(Items from a data source)
□ □ □

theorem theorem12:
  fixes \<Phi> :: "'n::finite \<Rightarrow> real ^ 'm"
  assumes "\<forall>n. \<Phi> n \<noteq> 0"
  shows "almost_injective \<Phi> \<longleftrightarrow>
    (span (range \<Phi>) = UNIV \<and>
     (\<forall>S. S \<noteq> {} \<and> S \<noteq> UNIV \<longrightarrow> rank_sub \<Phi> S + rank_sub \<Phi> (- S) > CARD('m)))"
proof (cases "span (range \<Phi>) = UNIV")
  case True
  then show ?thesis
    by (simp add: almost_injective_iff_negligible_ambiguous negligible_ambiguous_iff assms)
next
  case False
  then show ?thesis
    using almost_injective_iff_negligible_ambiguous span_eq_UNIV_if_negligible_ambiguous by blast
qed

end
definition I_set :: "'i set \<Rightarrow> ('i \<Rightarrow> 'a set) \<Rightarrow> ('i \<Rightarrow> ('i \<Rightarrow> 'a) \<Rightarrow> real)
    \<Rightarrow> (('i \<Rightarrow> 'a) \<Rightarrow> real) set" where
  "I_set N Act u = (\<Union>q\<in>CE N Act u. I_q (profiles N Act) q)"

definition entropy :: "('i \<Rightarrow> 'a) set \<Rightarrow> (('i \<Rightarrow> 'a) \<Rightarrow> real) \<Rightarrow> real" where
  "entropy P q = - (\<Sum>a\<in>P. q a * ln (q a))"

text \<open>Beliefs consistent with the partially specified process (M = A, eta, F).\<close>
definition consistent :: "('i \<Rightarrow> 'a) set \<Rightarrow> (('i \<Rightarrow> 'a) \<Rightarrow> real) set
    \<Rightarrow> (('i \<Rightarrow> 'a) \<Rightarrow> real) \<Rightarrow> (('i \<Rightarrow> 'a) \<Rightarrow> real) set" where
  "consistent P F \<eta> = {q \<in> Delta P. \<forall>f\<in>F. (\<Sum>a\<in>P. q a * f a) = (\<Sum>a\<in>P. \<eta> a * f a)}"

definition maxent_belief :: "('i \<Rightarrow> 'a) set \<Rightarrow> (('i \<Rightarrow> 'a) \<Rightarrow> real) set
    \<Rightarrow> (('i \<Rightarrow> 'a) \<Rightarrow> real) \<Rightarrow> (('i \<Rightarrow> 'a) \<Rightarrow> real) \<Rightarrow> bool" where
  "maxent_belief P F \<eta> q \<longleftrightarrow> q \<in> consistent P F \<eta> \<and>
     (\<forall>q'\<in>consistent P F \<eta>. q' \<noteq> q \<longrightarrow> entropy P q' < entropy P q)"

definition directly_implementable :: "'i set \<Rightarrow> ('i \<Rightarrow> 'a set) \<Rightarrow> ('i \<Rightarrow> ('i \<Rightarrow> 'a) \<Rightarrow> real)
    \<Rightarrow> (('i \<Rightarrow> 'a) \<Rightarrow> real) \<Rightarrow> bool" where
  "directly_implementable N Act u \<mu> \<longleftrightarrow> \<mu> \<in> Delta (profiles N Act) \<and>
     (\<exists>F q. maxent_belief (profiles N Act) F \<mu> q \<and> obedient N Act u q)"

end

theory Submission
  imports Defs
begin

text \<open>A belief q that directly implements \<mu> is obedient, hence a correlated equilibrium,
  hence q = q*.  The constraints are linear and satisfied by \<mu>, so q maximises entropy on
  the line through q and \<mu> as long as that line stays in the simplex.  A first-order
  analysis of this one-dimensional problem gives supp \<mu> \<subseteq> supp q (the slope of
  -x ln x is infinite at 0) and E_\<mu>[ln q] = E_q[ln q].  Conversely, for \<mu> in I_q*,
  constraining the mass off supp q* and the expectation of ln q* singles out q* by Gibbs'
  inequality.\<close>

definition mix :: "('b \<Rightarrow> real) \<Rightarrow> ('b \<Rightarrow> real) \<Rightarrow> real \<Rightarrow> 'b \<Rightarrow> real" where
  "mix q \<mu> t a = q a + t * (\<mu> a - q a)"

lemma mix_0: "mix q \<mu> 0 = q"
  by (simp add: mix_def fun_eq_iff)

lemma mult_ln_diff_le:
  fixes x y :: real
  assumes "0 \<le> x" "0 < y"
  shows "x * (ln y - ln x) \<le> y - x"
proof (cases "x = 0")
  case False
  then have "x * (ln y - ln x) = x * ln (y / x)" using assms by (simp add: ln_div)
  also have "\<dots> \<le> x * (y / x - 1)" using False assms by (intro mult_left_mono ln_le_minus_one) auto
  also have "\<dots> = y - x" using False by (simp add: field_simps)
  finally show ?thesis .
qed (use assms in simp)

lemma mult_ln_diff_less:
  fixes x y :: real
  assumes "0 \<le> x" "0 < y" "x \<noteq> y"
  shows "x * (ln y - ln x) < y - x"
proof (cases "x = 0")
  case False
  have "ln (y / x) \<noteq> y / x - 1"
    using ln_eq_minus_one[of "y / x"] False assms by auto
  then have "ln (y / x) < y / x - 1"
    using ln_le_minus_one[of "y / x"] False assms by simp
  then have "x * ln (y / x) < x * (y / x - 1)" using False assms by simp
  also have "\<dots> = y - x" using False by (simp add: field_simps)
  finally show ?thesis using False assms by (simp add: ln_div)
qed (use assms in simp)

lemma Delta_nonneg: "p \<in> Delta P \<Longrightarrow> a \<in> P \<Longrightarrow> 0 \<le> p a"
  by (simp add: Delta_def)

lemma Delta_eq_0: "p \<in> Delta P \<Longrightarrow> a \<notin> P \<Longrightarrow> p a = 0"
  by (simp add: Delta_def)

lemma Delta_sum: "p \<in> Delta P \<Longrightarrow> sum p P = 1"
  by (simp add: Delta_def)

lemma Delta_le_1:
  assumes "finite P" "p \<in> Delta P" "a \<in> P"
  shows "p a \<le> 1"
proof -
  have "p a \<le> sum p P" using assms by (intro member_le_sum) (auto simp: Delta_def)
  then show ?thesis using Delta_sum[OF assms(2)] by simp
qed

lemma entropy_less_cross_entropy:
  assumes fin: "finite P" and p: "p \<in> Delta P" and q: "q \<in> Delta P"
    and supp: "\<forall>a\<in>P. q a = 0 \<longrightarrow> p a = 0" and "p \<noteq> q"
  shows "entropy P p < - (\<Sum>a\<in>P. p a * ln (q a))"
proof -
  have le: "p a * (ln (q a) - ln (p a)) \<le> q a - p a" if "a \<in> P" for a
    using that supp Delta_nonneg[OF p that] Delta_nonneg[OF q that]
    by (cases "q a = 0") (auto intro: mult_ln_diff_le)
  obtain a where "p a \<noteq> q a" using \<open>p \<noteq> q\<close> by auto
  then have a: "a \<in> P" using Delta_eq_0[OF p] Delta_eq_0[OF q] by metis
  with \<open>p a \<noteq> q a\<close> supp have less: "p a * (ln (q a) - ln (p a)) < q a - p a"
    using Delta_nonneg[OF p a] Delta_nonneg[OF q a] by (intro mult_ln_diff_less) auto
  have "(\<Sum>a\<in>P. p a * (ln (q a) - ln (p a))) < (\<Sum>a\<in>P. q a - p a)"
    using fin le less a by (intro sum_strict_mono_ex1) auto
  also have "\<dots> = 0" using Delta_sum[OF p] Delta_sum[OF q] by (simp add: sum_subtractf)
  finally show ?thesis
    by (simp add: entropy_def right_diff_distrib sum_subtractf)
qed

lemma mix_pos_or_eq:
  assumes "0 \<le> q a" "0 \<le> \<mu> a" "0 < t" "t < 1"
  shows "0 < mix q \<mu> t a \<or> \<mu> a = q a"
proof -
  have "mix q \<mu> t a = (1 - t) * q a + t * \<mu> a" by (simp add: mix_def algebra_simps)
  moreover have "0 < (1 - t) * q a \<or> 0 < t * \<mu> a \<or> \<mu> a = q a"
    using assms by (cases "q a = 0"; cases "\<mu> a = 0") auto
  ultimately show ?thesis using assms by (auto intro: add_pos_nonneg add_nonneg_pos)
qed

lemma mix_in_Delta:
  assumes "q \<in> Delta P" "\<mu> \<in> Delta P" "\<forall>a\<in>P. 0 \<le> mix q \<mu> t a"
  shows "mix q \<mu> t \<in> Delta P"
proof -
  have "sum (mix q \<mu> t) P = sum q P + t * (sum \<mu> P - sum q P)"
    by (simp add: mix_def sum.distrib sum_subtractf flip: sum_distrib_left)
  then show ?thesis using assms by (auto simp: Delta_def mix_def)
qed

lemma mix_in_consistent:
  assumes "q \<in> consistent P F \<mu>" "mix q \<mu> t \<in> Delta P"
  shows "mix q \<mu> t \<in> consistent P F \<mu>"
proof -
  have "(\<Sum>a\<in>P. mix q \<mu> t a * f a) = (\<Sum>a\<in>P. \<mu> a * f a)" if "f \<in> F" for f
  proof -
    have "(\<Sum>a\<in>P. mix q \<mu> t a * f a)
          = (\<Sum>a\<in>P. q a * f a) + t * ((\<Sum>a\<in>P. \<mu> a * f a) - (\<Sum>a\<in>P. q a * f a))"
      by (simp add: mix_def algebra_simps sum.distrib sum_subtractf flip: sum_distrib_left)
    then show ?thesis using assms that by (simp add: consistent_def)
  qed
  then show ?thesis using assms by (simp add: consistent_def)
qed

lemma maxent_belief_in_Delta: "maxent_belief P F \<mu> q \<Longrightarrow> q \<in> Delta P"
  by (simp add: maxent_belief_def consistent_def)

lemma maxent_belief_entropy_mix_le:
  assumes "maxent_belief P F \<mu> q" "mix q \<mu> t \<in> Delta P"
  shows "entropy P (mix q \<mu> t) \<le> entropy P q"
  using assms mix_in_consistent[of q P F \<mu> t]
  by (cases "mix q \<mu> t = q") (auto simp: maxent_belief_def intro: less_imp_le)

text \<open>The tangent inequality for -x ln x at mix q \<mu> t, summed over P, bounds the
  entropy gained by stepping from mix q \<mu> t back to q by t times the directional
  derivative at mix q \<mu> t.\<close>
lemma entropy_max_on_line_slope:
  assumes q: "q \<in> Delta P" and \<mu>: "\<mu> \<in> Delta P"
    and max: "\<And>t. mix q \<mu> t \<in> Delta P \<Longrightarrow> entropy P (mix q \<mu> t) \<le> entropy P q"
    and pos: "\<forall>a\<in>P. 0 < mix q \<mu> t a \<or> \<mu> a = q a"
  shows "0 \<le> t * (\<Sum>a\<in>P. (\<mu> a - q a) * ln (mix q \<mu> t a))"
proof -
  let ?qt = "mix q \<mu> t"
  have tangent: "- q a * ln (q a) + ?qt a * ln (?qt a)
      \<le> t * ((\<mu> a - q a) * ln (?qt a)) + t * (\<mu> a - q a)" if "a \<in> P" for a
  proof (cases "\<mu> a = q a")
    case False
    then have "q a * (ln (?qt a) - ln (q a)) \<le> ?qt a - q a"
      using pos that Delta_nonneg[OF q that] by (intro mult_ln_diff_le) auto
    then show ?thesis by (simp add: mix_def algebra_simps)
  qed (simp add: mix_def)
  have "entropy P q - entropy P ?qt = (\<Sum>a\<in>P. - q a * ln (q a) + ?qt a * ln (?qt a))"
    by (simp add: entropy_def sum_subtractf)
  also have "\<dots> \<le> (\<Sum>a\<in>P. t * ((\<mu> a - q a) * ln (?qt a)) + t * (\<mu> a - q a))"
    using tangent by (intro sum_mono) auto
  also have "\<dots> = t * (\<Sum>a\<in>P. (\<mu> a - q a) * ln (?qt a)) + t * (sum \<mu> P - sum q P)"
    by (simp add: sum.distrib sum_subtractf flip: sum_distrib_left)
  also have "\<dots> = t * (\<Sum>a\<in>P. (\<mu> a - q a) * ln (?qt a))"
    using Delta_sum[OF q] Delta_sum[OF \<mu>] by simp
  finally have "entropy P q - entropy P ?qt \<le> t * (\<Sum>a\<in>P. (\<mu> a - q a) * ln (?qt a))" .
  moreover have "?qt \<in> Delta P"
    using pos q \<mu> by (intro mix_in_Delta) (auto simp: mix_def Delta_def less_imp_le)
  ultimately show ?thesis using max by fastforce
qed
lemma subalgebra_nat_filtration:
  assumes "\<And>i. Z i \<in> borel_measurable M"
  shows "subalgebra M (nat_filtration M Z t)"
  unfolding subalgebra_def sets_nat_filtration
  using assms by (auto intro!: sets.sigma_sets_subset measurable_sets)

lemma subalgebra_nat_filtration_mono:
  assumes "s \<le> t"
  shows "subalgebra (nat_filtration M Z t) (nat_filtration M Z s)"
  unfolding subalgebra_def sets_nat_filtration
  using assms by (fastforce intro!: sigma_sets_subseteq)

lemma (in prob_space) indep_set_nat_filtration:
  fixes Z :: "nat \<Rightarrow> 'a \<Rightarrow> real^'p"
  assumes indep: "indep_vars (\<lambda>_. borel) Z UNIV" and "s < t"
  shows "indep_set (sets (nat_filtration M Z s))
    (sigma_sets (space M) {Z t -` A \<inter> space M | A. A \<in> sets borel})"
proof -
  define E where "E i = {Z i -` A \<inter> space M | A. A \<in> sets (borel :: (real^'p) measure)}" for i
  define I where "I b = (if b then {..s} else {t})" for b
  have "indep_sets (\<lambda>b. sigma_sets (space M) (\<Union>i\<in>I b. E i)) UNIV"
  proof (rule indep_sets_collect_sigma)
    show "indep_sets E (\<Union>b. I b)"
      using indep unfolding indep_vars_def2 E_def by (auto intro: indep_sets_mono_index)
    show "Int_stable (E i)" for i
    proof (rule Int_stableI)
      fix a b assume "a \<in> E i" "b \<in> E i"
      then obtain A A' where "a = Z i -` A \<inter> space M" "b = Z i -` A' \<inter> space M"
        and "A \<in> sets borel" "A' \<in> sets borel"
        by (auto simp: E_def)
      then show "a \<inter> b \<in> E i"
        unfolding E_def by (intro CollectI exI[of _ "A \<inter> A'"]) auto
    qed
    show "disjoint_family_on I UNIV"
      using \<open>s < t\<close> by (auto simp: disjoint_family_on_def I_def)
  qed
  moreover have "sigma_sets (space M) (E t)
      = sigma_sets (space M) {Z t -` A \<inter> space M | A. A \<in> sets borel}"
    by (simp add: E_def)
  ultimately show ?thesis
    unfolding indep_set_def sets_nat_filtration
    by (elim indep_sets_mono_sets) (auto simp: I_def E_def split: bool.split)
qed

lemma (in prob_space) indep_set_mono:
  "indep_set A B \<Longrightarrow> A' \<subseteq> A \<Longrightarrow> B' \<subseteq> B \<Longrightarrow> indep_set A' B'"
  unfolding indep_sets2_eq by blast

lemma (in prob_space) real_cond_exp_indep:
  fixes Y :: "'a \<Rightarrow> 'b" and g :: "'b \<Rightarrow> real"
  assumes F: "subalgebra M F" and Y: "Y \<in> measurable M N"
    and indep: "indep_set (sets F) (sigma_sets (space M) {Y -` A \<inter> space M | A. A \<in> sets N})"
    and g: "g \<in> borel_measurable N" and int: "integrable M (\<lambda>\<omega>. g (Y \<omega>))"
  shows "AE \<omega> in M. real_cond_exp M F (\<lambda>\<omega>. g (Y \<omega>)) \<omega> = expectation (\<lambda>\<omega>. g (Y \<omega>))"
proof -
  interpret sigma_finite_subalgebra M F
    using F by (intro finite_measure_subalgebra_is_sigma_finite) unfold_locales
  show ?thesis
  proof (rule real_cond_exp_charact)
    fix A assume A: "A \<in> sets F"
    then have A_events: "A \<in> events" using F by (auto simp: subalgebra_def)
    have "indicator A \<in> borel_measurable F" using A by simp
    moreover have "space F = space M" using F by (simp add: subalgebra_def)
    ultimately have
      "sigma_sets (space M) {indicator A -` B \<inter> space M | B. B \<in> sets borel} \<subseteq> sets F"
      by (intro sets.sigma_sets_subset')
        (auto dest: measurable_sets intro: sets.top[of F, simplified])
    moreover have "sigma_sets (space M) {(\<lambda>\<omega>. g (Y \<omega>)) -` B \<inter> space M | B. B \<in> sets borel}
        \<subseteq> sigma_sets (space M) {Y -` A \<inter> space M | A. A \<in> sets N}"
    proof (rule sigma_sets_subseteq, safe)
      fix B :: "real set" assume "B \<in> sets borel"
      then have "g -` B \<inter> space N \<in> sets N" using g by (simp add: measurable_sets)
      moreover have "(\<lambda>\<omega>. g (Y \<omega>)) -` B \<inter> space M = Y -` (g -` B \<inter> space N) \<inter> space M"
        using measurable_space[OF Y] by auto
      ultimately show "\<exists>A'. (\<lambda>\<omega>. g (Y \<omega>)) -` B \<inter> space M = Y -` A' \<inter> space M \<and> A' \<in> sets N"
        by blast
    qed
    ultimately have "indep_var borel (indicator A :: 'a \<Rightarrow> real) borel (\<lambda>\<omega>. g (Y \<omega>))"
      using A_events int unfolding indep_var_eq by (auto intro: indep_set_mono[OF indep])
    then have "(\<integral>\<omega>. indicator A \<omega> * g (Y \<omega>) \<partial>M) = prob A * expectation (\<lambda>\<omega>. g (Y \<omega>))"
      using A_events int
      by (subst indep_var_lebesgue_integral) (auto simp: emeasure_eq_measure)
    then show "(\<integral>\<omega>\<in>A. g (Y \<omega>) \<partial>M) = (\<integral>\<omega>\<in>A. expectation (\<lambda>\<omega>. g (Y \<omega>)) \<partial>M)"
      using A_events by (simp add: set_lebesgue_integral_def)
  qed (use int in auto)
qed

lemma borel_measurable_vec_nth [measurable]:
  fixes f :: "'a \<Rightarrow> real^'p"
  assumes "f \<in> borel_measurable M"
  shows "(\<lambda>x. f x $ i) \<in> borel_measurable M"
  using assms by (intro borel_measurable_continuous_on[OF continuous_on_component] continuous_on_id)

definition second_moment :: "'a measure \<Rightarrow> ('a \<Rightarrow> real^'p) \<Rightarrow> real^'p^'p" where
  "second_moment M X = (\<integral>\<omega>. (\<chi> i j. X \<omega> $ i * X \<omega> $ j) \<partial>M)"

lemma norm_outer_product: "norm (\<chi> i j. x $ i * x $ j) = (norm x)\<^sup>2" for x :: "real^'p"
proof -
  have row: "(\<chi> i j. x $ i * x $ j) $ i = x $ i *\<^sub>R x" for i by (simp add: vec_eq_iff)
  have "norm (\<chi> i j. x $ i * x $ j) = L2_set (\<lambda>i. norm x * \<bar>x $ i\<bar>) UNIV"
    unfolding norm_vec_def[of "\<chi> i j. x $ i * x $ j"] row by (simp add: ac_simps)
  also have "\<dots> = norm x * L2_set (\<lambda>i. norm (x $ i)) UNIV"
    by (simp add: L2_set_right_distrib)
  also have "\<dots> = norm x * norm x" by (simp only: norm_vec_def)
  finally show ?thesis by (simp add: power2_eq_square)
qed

□ □ □

- [What is needed]:
Lines above containing "blast": give their number only.

- [Task output]:
3